Figure 6. Aβ Input onto Dyn-Tomato⁺ Neurons

(A) Aβ input onto Dyn-Toamto⁺ neurons. Upper lanes show typical traces. Middle showing the relative positions and summary of recorded Dyn-Tomato⁺ neurons from 13 mice. Red arrows indicate stimulation artifacts. (B) Biocytin labeling showing vertical dendritic arborization of a biocytin-injected Dyn-Tomato⁺ neuron (arrow) and an uninjected Dyn-Tomato⁺ neuron (arrowhead) in lamina II_o. (C) Schematics showing Dyn-Tomato⁺ neurons in lamina II_i and at II-III border (“1”) that receive Aβ input with strong feed-forward inhibition, and in laminae I-II_o (“2”) that receive Aβ input with AP output. Not shown are small subsets of types 1 and 2 cells located in I/II_o and at II-III border, respectively.

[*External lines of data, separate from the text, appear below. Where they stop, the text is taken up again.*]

lemma esym_eq_split_coeff:
  assumes z: "\<forall>k<n. z k \<in> unit_disc" and j: "1 \<le> j" "j < n"
  shows "esym n j z = split_coeff n z j + cnj (split_coeff n z (n - j)) * (\<Prod>k<n. z k)"
proof -
  have decomp: "(\<Prod>k\<in>S. z k) = disc_split (\<Prod>k\<in>S. z k) (\<Prod>k\<in>{..<n} - S. z k)
      + cnj (disc_split (\<Prod>k\<in>{..<n} - S. z k) (\<Prod>k\<in>S. z k)) * (\<Prod>k<n. z k)"
    if S: "S \<in> ksubsets n j" for S
  proof -
    note S' = ksubsets_proper[OF S j]
    have "(\<Prod>k<n. z k) = (\<Prod>k\<in>S. z k) * (\<Prod>k\<in>{..<n} - S. z k)"
      using prod.subset_diff[OF S'(1)] by (simp add: mult.commute)
    then show ?thesis
      using disc_split_decomp norm_prod_subset_less_one[OF z] S' by simp
  qed
  have "esym n j z = (\<Sum>S\<in>ksubsets n j. disc_split (\<Prod>k\<in>S. z k) (\<Prod>k\<in>{..<n} - S. z k)
      + cnj (disc_split (\<Prod>k\<in>{..<n} - S. z k) (\<Prod>k\<in>S. z k)) * (\<Prod>k<n. z k))"
    unfolding esym_def ksubsets_def[symmetric] using decomp by (rule sum.cong[OF refl])
  then show ?thesis
    unfolding split_coeff_compl[OF less_imp_le[OF j(2)]]
    by (simp add: split_coeff_def sum.distrib sum_distrib_right cnj_sum)
qed

lemma norm_split_coeff_add_less:
  assumes z: "\<forall>k<n. z k \<in> unit_disc" and j: "1 \<le> j" "j < n"
  shows "norm (split_coeff n z j) + norm (split_coeff n z (n - j)) < real (n choose j)"
proof -
  let ?a = "\<lambda>S. \<Prod>k\<in>S. z k" and ?c = "\<lambda>S. \<Prod>k\<in>{..<n} - S. z k"
  have "norm (split_coeff n z j) + norm (split_coeff n z (n - j))
      \<le> (\<Sum>S\<in>ksubsets n j. norm (disc_split (?a S) (?c S)) + norm (disc_split (?c S) (?a S)))"
    unfolding split_coeff_compl[OF less_imp_le[OF j(2)]] unfolding split_coeff_def sum.distrib
    by (intro add_mono norm_sum)
  also have "\<dots> < (\<Sum>S\<in>ksubsets n j. 1)"
  proof (rule sum_strict_mono[OF finite_ksubsets ksubsets_nonempty])
    fix S assume "S \<in> ksubsets n j"
    then show "norm (disc_split (?a S) (?c S)) + norm (disc_split (?c S) (?a S)) < 1"
      using ksubsets_proper[OF _ j] norm_prod_subset_less_one[OF z]
      by (intro norm_disc_split_add_less) auto
  qed (use j in simp)
  also have "\<dots> = real (n choose j)"
    by (simp add: card_ksubsets)
  finally show ?thesis .
qed

lemma symG_subset_extG:
  assumes "n \<ge> 1"
  shows "symG n \<subseteq> extG n"
proof
  fix x assume "x \<in> symG n"
  then obtain z where x: "x = sym_map n z" and z: "\<forall>k<n. z k \<in> unit_disc"
    unfolding symG_def by auto
  have "(\<Prod>k<n. z k) \<in> unit_disc"
    using norm_prod_subset_less_one[OF z, of "{..<n}"] assms
    by (auto simp: unit_disc_def lessThan_empty_iff)
  then show "x \<in> extG n"
    unfolding x sym_map_def
    using esym_eq_split_coeff[OF z] norm_split_coeff_add_less[OF z]
    by (intro map_upt_append_in_extG) blast+
qed

lemma norm_root_less_one:
  fixes u v :: complex
  assumes uv: "norm (u * v) < 1"
    and crit: "norm (u + v - cnj (u + v) * (u * v)) < 1 - (norm (u * v))^2"
  shows "norm u < 1"
proof (rule ccontr)
  define x where "x = norm u"
  define y where "y = norm v"
  assume "\<not> norm u < 1"
  then have x1: "1 \<le> x"
    unfolding x_def by simp
  have xy: "x * y < 1"
    using uv by (simp add: x_def y_def norm_mult)
  have y0: "0 \<le> y"
    by (simp add: y_def)
  then have y1: "y < 1"
    using mult_right_mono[OF x1 y0] xy by simp
  have eq: "u + v - cnj (u + v) * (u * v) = u * of_real (1 - y^2) - v * of_real (x^2 - 1)"
  proof -
    have "u * cnj u = of_real (x^2)"
      unfolding x_def by (rule complex_norm_square[symmetric])
    moreover have "v * cnj v = of_real (y^2)"
      unfolding y_def by (rule complex_norm_square[symmetric])
    ultimately show ?thesis
      by (simp add: algebra_simps)
  qed
  have "y^2 \<le> 1" "1 \<le> x^2"
    using y0 y1 x1 by (simp_all add: power_le_one one_le_power)
  then have "norm (u * of_real (1 - y^2)) = x * (1 - y^2)"
    "norm (v * of_real (x^2 - 1)) = y * (x^2 - 1)"
    unfolding norm_mult norm_of_real x_def[symmetric] y_def[symmetric] by simp_all
  then have "x * (1 - y^2) - y * (x^2 - 1) \<le> norm (u + v - cnj (u + v) * (u * v))"
    unfolding eq by (metis norm_triangle_ineq2)
  moreover have "0 \<le> (x - 1) * (1 - y) * (1 - x * y)"
    using x1 y1 xy by simp
  moreover have "x * (1 - y^2) - y * (x^2 - 1) - (1 - (x * y)^2) = (x - 1) * (1 - y) * (1 - x * y)"
    by (simp add: algebra_simps power2_eq_square)
  moreover have "(norm (u * v))^2 = (x * y)^2"
    unfolding x_def y_def by (simp add: norm_mult)
  ultimately show False
    using crit by linarith
qed

lemma sym_map_two: "sym_map 2 z = [z 0 + z 1, z 0 * z 1]"
  using esym_one[of 2 z] by (simp add: sym_map_def numeral_2_eq_2)

lemma extG_two_subset_symG: "extG 2 \<subseteq> symG 2"
proof
  fix x assume "x \<in> extG 2"
  then obtain y q \<beta> where x: "x = [y, q]" and q: "norm q < 1"
    and y: "y = \<beta> + cnj \<beta> * q" and \<beta>: "norm \<beta> < 1"
    unfolding extG_def unit_disc_def by (auto simp: length_Suc_conv)
  define r where "r = csqrt (y^2 - 4 * q)"
  define z where "z = (\<lambda>k::nat. if k = 0 then (y + r) / 2 else (y - r) / 2)"
  have sum: "z 0 + z 1 = y"
    unfolding z_def by (simp add: field_simps)
  have "r^2 = y^2 - 4 * q"
    unfolding r_def by simp
  then have prod: "z 0 * z 1 = q"
    unfolding z_def by (simp add: field_simps power2_eq_square)
  have "(norm q)^2 < 1"
    using q by (simp add: abs_square_less_1)
  have "y - cnj y * q = \<beta> * of_real (1 - (norm q)^2)"
    unfolding y by (simp add: algebra_simps complex_norm_square[symmetric])
  moreover have "\<bar>1 - (norm q)^2\<bar> = 1 - (norm q)^2"
    using \<open>(norm q)^2 < 1\<close> by simp
  ultimately have "norm (y - cnj y * q) = norm \<beta> * (1 - (norm q)^2)"
    by (simp only: norm_mult norm_of_real)
  also have "\<dots> < 1 - (norm q)^2"
    using \<beta> \<open>(norm q)^2 < 1\<close> by simp
  finally have crit: "norm (z 0 + z 1 - cnj (z 0 + z 1) * (z 0 * z 1)) < 1 - (norm (z 0 * z 1))^2"
    unfolding sum prod .
  have "norm (z 0) < 1" "norm (z 1) < 1"
    using norm_root_less_one[of "z 0" "z 1"] norm_root_less_one[of "z 1" "z 0"] crit prod q
    by (simp_all add: ac_simps)
  then have "\<forall>k<2. z k \<in> unit_disc"
    unfolding unit_disc_def by (auto simp: less_2_cases_iff)
  moreover have "x = sym_map 2 z"
    unfolding sym_map_two x sum prod ..
  ultimately show "x \<in> symG 2"
    unfolding symG_def by blast
qed

lemma norm_esym_one_less:
  assumes "n \<ge> 2" "\<forall>k<n. z k \<in> unit_disc" "(\<Prod>k<n. z k) = 0"
  shows "norm (esym n 1 z) < real (n - 1)"
proof -
  obtain m where m: "m < n" "z m = 0"
    using assms(3) by auto
  have "norm (esym n 1 z) \<le> (\<Sum>k\<in>{..<n} - {m}. norm (z k))"
    unfolding esym_one using norm_sum[of z "{..<n}"] sum.remove[of "{..<n}" m "\<lambda>k. norm (z k)"] m
    by simp
  also have "\<dots> < (\<Sum>k\<in>{..<n} - {m}. 1)"
  proof (rule sum_strict_mono)
    have "(if m = 0 then 1 else 0) \<in> {..<n} - {m}"
      using assms(1) by auto
    then show "{..<n} - {m} \<noteq> {}"
      by blast
  qed (use assms(2) in \<open>auto simp: unit_disc_def\<close>)
  also have "\<dots> = real (n - 1)"
    using m by simp
  finally show ?thesis .
qed

lemma symG_ne_extG:
  assumes n: "n \<ge> 3"
  shows "symG n \<noteq> extG n"
proof -
  define y where "y i = (if i = 1 then of_nat (n - 1) else 0 :: complex)" for i :: nat
  have "n choose (n - 1) = n"
    using n binomial_symmetric[of 1 n] by simp
  then have "norm (y j) + norm (y (n - j)) < real (n choose j)" if "1 \<le> j" "j < n" for j
    using n that by (cases "j = 1"; cases "j = n - 1") (auto simp: y_def simp del: of_nat_diff)
  then have "map y [1..<n] @ [0] \<in> extG n"
    by (intro map_upt_append_in_extG[where \<beta> = y]) (auto simp: unit_disc_def)
  moreover have "map y [1..<n] @ [0] \<notin> symG n"
  proof
    assume "map y [1..<n] @ [0] \<in> symG n"
    then obtain z where e: "map y [1..<n] @ [0] = sym_map n z" and z: "\<forall>k<n. z k \<in> unit_disc"
      unfolding symG_def by auto
    have "(\<Prod>k<n. z k) = 0" "esym n 1 z = of_nat (n - 1)"
      using e n by (simp_all add: sym_map_def upt_conv_Cons y_def)
    then show False
      using norm_esym_one_less[OF _ z] n by (simp del: of_nat_diff)
  qed
  ultimately show ?thesis
    by blast
qed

Figure 7. Dyn Neurons Gate Mechanical Pain

(A) Aβ-evoked EPSCs/APs in the spinal dorsal horn of control and Dyn Abl mice. Left panel showing typical traces. Right panel indicates positions of recorded neurons and summary. 27 control mice and 11 ablated mice were used. Red arrows indicate stimulation artifacts. Black arrows indicate fast eEPSCs. Arrowheads indicated slow eEPSCs. (B) Brush-evoked c-Fos induction in the dorsal spinal cord of Dyn Abl and control mice [n = 12 sections in control (“Ctrl”) group, n = 9 sections in Abl group, 3 mice in each group; **, p < 0.01, Student’s unpaired t test]. (C) Double immunostaining of c-Fos with SOM (arrow) following back brush stimuli in Dyn Abl and control mice (n = 12 thoracic spinal sections in Ctrl and Abl groups, 4 mice in each group; ***, p < 0.001, Student’s unpaired t test). (D) Schematic showing circuitry processing mechanical pain-related information. Vertical neurons in lamina II_o, belonging to type 3 SOM⁺ neurons [“(3)”], receive inputs from C/Aδ mechanical nociceptors, and also from Aβ mechanoreceptors through two pathways: indirect (“A”) and direct (“B”). Pathway “A” is transmitted through type 2 SOM⁺ [“(2)”] neurons at the II-III border, via transient-central (“C”) cells and vertical cells in lamina II_o, and finally to lamina I projection neurons, although it is not known if the connection from vertical cells to projection neurons is direct or indirect. Type 2 SOM⁺ neurons may include PKCγ⁺ neurons. Pathway “A” is partly gated by Dyn⁺ neurons. Pathway “B” is indicated by direct Aβ inputs onto lamina II_o neurons, and is gated by dorsally located Dyn⁺ neurons that receive Aβ inputs with AP output, either directly or via type 1 SOM⁺ neurons or unidentified interneurons (“?”). Dashed arrows indicate that SOM⁺ neurons might receive direct inhibitory inputs from Dyn⁺ neurons, but further studies are required to confirm this. Our data do not rule out that Dyn⁺ neurons might also directly gate lamina I projection neurons. For details, see Discussion. Data are represented as mean ± SEM.